> _WHAT YOU NEED TO DO_: Keep to the lines from the one with "B \<Longrightarrow> cmp f" through the end of the data, and write them out exactly.
--- START ---
(* Let $\mathbf{C}$ be a category enriched over $\mathbf{Top}$ all of whose morphisms are monomorphisms, let $C, D \in \mathrm{Ob}(\mathbf{C})$ be hom-equivalent, and let $\mathfrak{G} = (G_A)_{A \in \mathrm{Ob}(\mathbf{C})}$ be a family of groups with $G_A \le \mathrm{Aut}_\mathbf{C}(A)$ for all $A$. Let $A \in \mathrm{Ob}(\mathbf{C})$ be such that $\hom(A,C) \ne \varnothing$. (a) $T_\mathbf{C}(A,C) = T_\mathbf{C}(A,D)$. (b) If $\hom(A,S)$ is locally compact second-countable Hausdorff for every $S \in \mathrm{Ob}(\mathbf{C})$ and $G_A$ is a finite discrete group, then $T^\mathfrak{G}_\mathbf{C}(A,C) = T^\mathfrak{G}_\mathbf{C}(A,D)$.
   Context: Objects $C, D$ are hom-equivalent if $\hom(C,D) \ne \varnothing$ and $\hom(D,C) \ne\varnothing$. A category is enriched over $\mathbf{Top}$ if each homset is a topological space and composition is continuous. $\mathrm{Aut}_\mathbf{C}(A)$ is the group of invertible morphisms $A\to A$ with the subspace topology from $\hom(A,A)$. For $f,g \in \hom(A,X)$, $f \sim_\mathfrak{G} g$ iff $f = g\cdot\alpha$ for some $\alpha \in G_A$; $\binom{X}{A}_\mathfrak{G} = \hom(A,X)/{\sim_\mathfrak{G}}$ with the quotient topology; $w \cdot \binom{X}{A}_\mathfrak{G} = \{(w\cdot f)/{\sim_\mathfrak{G}} : f \in \hom(A,X)\}$ for $w\in\hom(X,Y)$. A Borel $k$-coloring is a map to $\{0,\dots,k-1\}$ with Borel fibers. $S \overset{\mathfrak{G}}{\longrightarrow}_\flat (S)^A_{k,n}$ means: every Borel $k$-coloring $\chi$ of $\binom{S}{A}_\mathfrak{G}$ admits $w \in \hom(S,S)$ with $|\chi(w \cdot \binom{S}{A}_\mathfrak{G})| \le n$. $T^\mathfrak{G}_\mathbf{C}(A,S)$ is the least positive integer $n$ with $S \overset{\mathfrak{G}}{\longrightarrow}_\flat (S)^A_{k,n}$ for all $k \ge 2$ ($\infty$ if none). $T_\mathbf{C}(A,S)$ is this quantity for the trivial groups $\{\mathrm{id}_A\}$ (Borel colorings of $\hom(A,S)$). *)

theory Defs
  imports "HOL-Analysis.Analysis"
begin

text \<open>Objects are all elements of the type 'o;
  morphisms live in type 'm. hom A B is the hom-set, cmp g f is g after f,
  idm A is the identity of A, and homtop A B is the topology on hom A B.\<close>

definition top_category ::
  "('o \<Rightarrow> 'o \<Rightarrow> 'm set) \<Rightarrow> ('m \<Rightarrow> 'm \<Rightarrow> 'm) \<Rightarrow> ('o \<Rightarrow> 'm)
   \<Rightarrow> ('o \<Rightarrow> 'o \<Rightarrow> 'm topology) \<Rightarrow> bool" where
  "top_category hom cmp idm homtop \<longleftrightarrow>
     (\<forall>A B A' B'. hom A B \<inter> hom A' B' \<noteq> {} \<longrightarrow> A = A' \<and> B = B') \<and>
     (\<forall>A. idm A \<in> hom A A) \<and>
     (\<forall>A B C f g. f \<in> hom A B \<longrightarrow> g \<in> hom B C \<longrightarrow> cmp g f \<in> hom A C) \<and>
     (\<forall>A B f. f \<in> hom A B \<longrightarrow> cmp (idm B) f = f \<and> cmp f (idm A) = f) \<and>
     (\<forall>A B C D f g h. f \<in> hom A B \<longrightarrow> g \<in> hom B C \<longrightarrow> h \<in> hom C D \<longrightarrow>
          cmp h (cmp g f) = cmp (cmp h g) f) \<and>
     (\<forall>A B. topspace (homtop A B) = hom A B) \<and>
     (\<forall>A B C. continuous_map (prod_topology (homtop B C) (homtop A B)) (homtop A C)
                 (\<lambda>(g, f). cmp g f))"

definition all_mono :: "('o \<Rightarrow> 'o \<Rightarrow> 'm set) \<Rightarrow> ('m \<Rightarrow> 'm \<Rightarrow> 'm) \<Rightarrow> bool" where
  "all_mono hom cmp \<longleftrightarrow>
     (\<forall>A B C f g h. f \<in> hom B C \<longrightarrow> g \<in> hom A B \<longrightarrow> h \<in> hom A B \<longrightarrow>
        cmp f g = cmp f h \<longrightarrow> g = h)"

definition hom_equiv :: "('o \<Rightarrow> 'o \<Rightarrow> 'm set) \<Rightarrow> 'o \<Rightarrow> 'o \<Rightarrow> bool" where
  "hom_equiv hom C D \<longleftrightarrow> hom C D \<noteq> {} \<and> hom D C \<noteq> {}"

definition Aut :: "('o \<Rightarrow> 'o \<Rightarrow> 'm set) \<Rightarrow> ('m \<Rightarrow> 'm \<Rightarrow> 'm) \<Rightarrow> ('o \<Rightarrow> 'm) \<Rightarrow> 'o \<Rightarrow> 'm set" where
  "Aut hom cmp idm A = {f \<in> hom A A. \<exists>g \<in> hom A A. cmp g f = idm A \<and> cmp f g = idm A}"

definition aut_subgroup ::
  "('o \<Rightarrow> 'o \<Rightarrow> 'm set) \<Rightarrow> ('m \<Rightarrow> 'm \<Rightarrow> 'm) \<Rightarrow> ('o \<Rightarrow> 'm) \<Rightarrow> 'o \<Rightarrow> 'm set \<Rightarrow> bool" where
  "aut_subgroup hom cmp idm A H \<longleftrightarrow>
     H \<subseteq> Aut hom cmp idm A \<and> idm A \<in> H \<and>
     (\<forall>f\<in>H. \<forall>g\<in>H. cmp f g \<in> H) \<and>
     (\<forall>f\<in>H. \<exists>g\<in>H. cmp g f = idm A \<and> cmp f g = idm A)"

definition quotient_top :: "'a topology \<Rightarrow> ('a \<Rightarrow> 'b) \<Rightarrow> 'b topology" where
  "quotient_top X p = topology (\<lambda>U. U \<subseteq> p ` topspace X \<and> openin X {x \<in> topspace X. p x \<in> U})"

definition borel_sets :: "'a topology \<Rightarrow> 'a set set" where
  "borel_sets X = sigma_sets (topspace X) {U. openin X U}"

definition gclass ::
  "('o \<Rightarrow> 'o \<Rightarrow> 'm set) \<Rightarrow> ('m \<Rightarrow> 'm \<Rightarrow> 'm) \<Rightarrow> ('o \<Rightarrow> 'm set) \<Rightarrow> 'o \<Rightarrow> 'o \<Rightarrow> 'm \<Rightarrow> 'm set" where
  "gclass hom cmp G A X f = {g \<in> hom A X. \<exists>\<alpha>\<in>G A. f = cmp g \<alpha>}"

definition binom_top ::
  "('o \<Rightarrow> 'o \<Rightarrow> 'm set) \<Rightarrow> ('m \<Rightarrow> 'm \<Rightarrow> 'm) \<Rightarrow> ('o \<Rightarrow> 'o \<Rightarrow> 'm topology) \<Rightarrow> ('o \<Rightarrow> 'm set)
   \<Rightarrow> 'o \<Rightarrow> 'o \<Rightarrow> 'm set topology" where
  "binom_top hom cmp homtop G X A = quotient_top (homtop A X) (gclass hom cmp G A X)"

definition borel_coloring :: "'a topology \<Rightarrow> nat \<Rightarrow> ('a \<Rightarrow> nat) \<Rightarrow> bool" where
  "borel_coloring X k col \<longleftrightarrow> (\<forall>x\<in>topspace X. col x < k) \<and>
     (\<forall>i<k. {x \<in> topspace X. col x = i} \<in> borel_sets X)"

definition arrow ::
  "('o \<Rightarrow> 'o \<Rightarrow> 'm set) \<Rightarrow> ('m \<Rightarrow> 'm \<Rightarrow> 'm) \<Rightarrow> ('o \<Rightarrow> 'o \<Rightarrow> 'm topology) \<Rightarrow> ('o \<Rightarrow> 'm set)
   \<Rightarrow> 'o \<Rightarrow> 'o \<Rightarrow> nat \<Rightarrow> nat \<Rightarrow> bool" where
  "arrow hom cmp homtop G S A k n \<longleftrightarrow>
     (\<forall>col. borel_coloring (binom_top hom cmp homtop G S A) k col \<longrightarrow>
        (\<exists>w\<in>hom S S. card (col ` (\<lambda>f. gclass hom cmp G A S (cmp w f)) ` hom A S) \<le> n))"

definition TG ::
  "('o \<Rightarrow> 'o \<Rightarrow> 'm set) \<Rightarrow> ('m \<Rightarrow> 'm \<Rightarrow> 'm) \<Rightarrow> ('o \<Rightarrow> 'o \<Rightarrow> 'm topology) \<Rightarrow> ('o \<Rightarrow> 'm set)
   \<Rightarrow> 'o \<Rightarrow> 'o \<Rightarrow> enat" where
  "TG hom cmp homtop G A S =
     (if \<exists>n>0. \<forall>k\<ge>2. arrow hom cmp homtop G S A k n
      then enat (LEAST n. n > 0 \<and> (\<forall>k\<ge>2. arrow hom cmp homtop G S A k n))
      else \<infinity>)"

definition T ::
  "('o \<Rightarrow> 'o \<Rightarrow> 'm set) \<Rightarrow> ('m \<Rightarrow> 'm \<Rightarrow> 'm) \<Rightarrow> ('o \<Rightarrow> 'm) \<Rightarrow> ('o \<Rightarrow> 'o \<Rightarrow> 'm topology)
   \<Rightarrow> 'o \<Rightarrow> 'o \<Rightarrow> enat" where
  "T hom cmp idm homtop A S = TG hom cmp homtop (\<lambda>B. {idm B}) A S"

end

theory Submission
  imports Defs
begin

text \<open>Fix \<open>d \<in> hom(C,D)\<close> and \<open>e \<in> hom(D,C)\<close>. Postcomposition with \<open>d\<close> is continuous and respects
  \<open>\<sim>\<^sub>G\<close>, so it descends to a continuous map \<open>\<psi>\<close> from the quotient space of \<open>hom(A,C)\<close> to that of
  \<open>hom(A,D)\<close>. A Borel colouring \<open>\<chi>\<close> of the latter pulls back to the Borel colouring \<open>\<chi> \<circ> \<psi>\<close> of the
  former; if \<open>w \<in> hom(C,C)\<close> leaves at most \<open>n\<close> colours for \<open>\<chi> \<circ> \<psi>\<close>, then \<open>d w e \<in> hom(D,D)\<close> leaves at
  most \<open>n\<close> colours for \<open>\<chi>\<close>, since \<open>[d w e f] = \<psi> [w (e f)]\<close>. By symmetry \<open>C\<close> and \<open>D\<close> satisfy the
  same partition arrows, hence have the same (Borel) Ramsey degrees.\<close>

lemma borel_sets_continuous_map_preimage:
  assumes g: "continuous_map X Y g" and B: "B \<in> borel_sets Y"
  shows "{x \<in> topspace X. g x \<in> B} \<in> borel_sets X"
proof -
  have g_into: "g \<in> topspace X \<rightarrow> topspace Y"
    using g by (auto simp: continuous_map_def)
  have "g -` B \<inter> topspace X \<in> {g -` U \<inter> topspace X |U. U \<in> sigma_sets (topspace Y) {U. openin Y U}}"
    using B unfolding borel_sets_def by blast
  also have "\<dots> = sigma_sets (topspace X) {g -` U \<inter> topspace X |U. U \<in> {U. openin Y U}}"
    by (rule sigma_sets_vimage_commute[OF g_into])
  also have "\<dots> \<subseteq> sigma_sets (topspace X) {U. openin X U}"
  proof (rule sigma_sets_mono, safe)
    fix U assume "openin Y U"
    then have "openin X {x \<in> topspace X. g x \<in> U}"
      using g by (simp add: continuous_map_def)
    then show "g -` U \<inter> topspace X \<in> sigma_sets (topspace X) {U. openin X U}"
      by (auto intro: sigma_sets.Basic simp: Int_def vimage_def conj_commute)
  qed
  finally show ?thesis
    unfolding borel_sets_def by (simp add: Int_def vimage_def conj_commute)
qed

lemma borel_coloring_continuous_map_pullback:
  assumes g: "continuous_map X Y g" and col: "borel_coloring Y k col"
  shows "borel_coloring X k (col \<circ> g)"
  unfolding borel_coloring_def
proof (intro conjI ballI allI impI)
  fix x assume "x \<in> topspace X"
  then show "(col \<circ> g) x < k"
    using g col by (auto simp: borel_coloring_def continuous_map_def)
next
  fix i assume "i < k"
  then have "{y \<in> topspace Y. col y = i} \<in> borel_sets Y"
    using col by (simp add: borel_coloring_def)
  from borel_sets_continuous_map_preimage[OF g this]
  show "{x \<in> topspace X. (col \<circ> g) x = i} \<in> borel_sets X"
    using g by (simp add: continuous_map_def Pi_iff conj_ac cong: conj_cong)
qed

lemma borel_coloring_image_finite:
  assumes "borel_coloring X k col" and "S \<subseteq> topspace X"
  shows "finite (col ` S)"
proof (rule finite_subset)
  show "col ` S \<subseteq> {..<k}"
    using assms by (auto simp: borel_coloring_def)
qed simp

lemma openin_quotient_top:
  "openin (quotient_top X p) U \<longleftrightarrow> U \<subseteq> p ` topspace X \<and> openin X {x \<in> topspace X. p x \<in> U}"
proof -
  have "istopology (\<lambda>U. U \<subseteq> p ` topspace X \<and> openin X {x \<in> topspace X. p x \<in> U})"
  proof -
    have "{x \<in> topspace X. p x \<in> S \<inter> T} = {x \<in> topspace X. p x \<in> S} \<inter> {x \<in> topspace X. p x \<in> T}"
      for S T by auto
    moreover have "{x \<in> topspace X. p x \<in> \<Union>K} = (\<Union>S\<in>K. {x \<in> topspace X. p x \<in> S})" for K
      by auto
    ultimately show ?thesis
      unfolding istopology_def by auto
  qed
  then show ?thesis
    unfolding quotient_top_def by simp
qed

lemma topspace_quotient_top: "topspace (quotient_top X p) = p ` topspace X"
proof (rule antisym)
  show "topspace (quotient_top X p) \<subseteq> p ` topspace X"
    using openin_topspace[of "quotient_top X p"] unfolding openin_quotient_top by blast
  have "{x \<in> topspace X. p x \<in> p ` topspace X} = topspace X"
    by auto
  then show "p ` topspace X \<subseteq> topspace (quotient_top X p)"
    by (intro openin_subset) (simp add: openin_quotient_top)
qed

lemma quotient_map_quotient_top: "quotient_map X (quotient_top X p) p"
  unfolding quotient_map_def by (auto simp: openin_quotient_top topspace_quotient_top)

lemma top_categoryD:
  assumes "top_category hom cmp idm homtop"
  shows "\<And>f g A B C. f \<in> hom A B \<Longrightarrow> g \<in> hom B C \<Longrightarrow> cmp g f \<in> hom A C"
    and "\<And>A. idm A \<in> hom A A"
    and "\<And>f A B. f \<in> hom A B \<Longrightarrow> cmp (idm B) f = f"
    and "\<And>f A B. f \<in> hom A B \<Longrightarrow> cmp f (idm A) = f"
    and "\<And>f g h A B C D. f \<in> hom A B \<Longrightarrow> g \<in> hom B C \<Longrightarrow> h \<in> hom C D \<Longrightarrow>
           cmp h (cmp g f) = cmp (cmp h g) f"
    and "\<And>A B. topspace (homtop A B) = hom A B"
    and "\<And>A B C. continuous_map (prod_topology (homtop B C) (homtop A B)) (homtop A C)
           (\<lambda>(g, f). cmp g f)"
  using assms unfolding top_category_def by meson+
--- END ---
> _EXERCISE RESPONSE_:
    and "\<And>f A B. f \<in> hom A B \<Longrightarrow> cmp f (idm A) = f"
    and "\<And>f g h A B C D. f \<in> hom A B \<Longrightarrow> g \<in> hom B C \<Longrightarrow> h \<in> hom C D \<Longrightarrow>
           cmp h (cmp g f) = cmp (cmp h g) f"
    and "\<And>A B. topspace (homtop A B) = hom A B"
    and "\<And>A B C. continuous_map (prod_topology (homtop B C) (homtop A B)) (homtop A C)
           (\<lambda>(g, f). cmp g f)"
  using assms unfolding top_category_def by meson+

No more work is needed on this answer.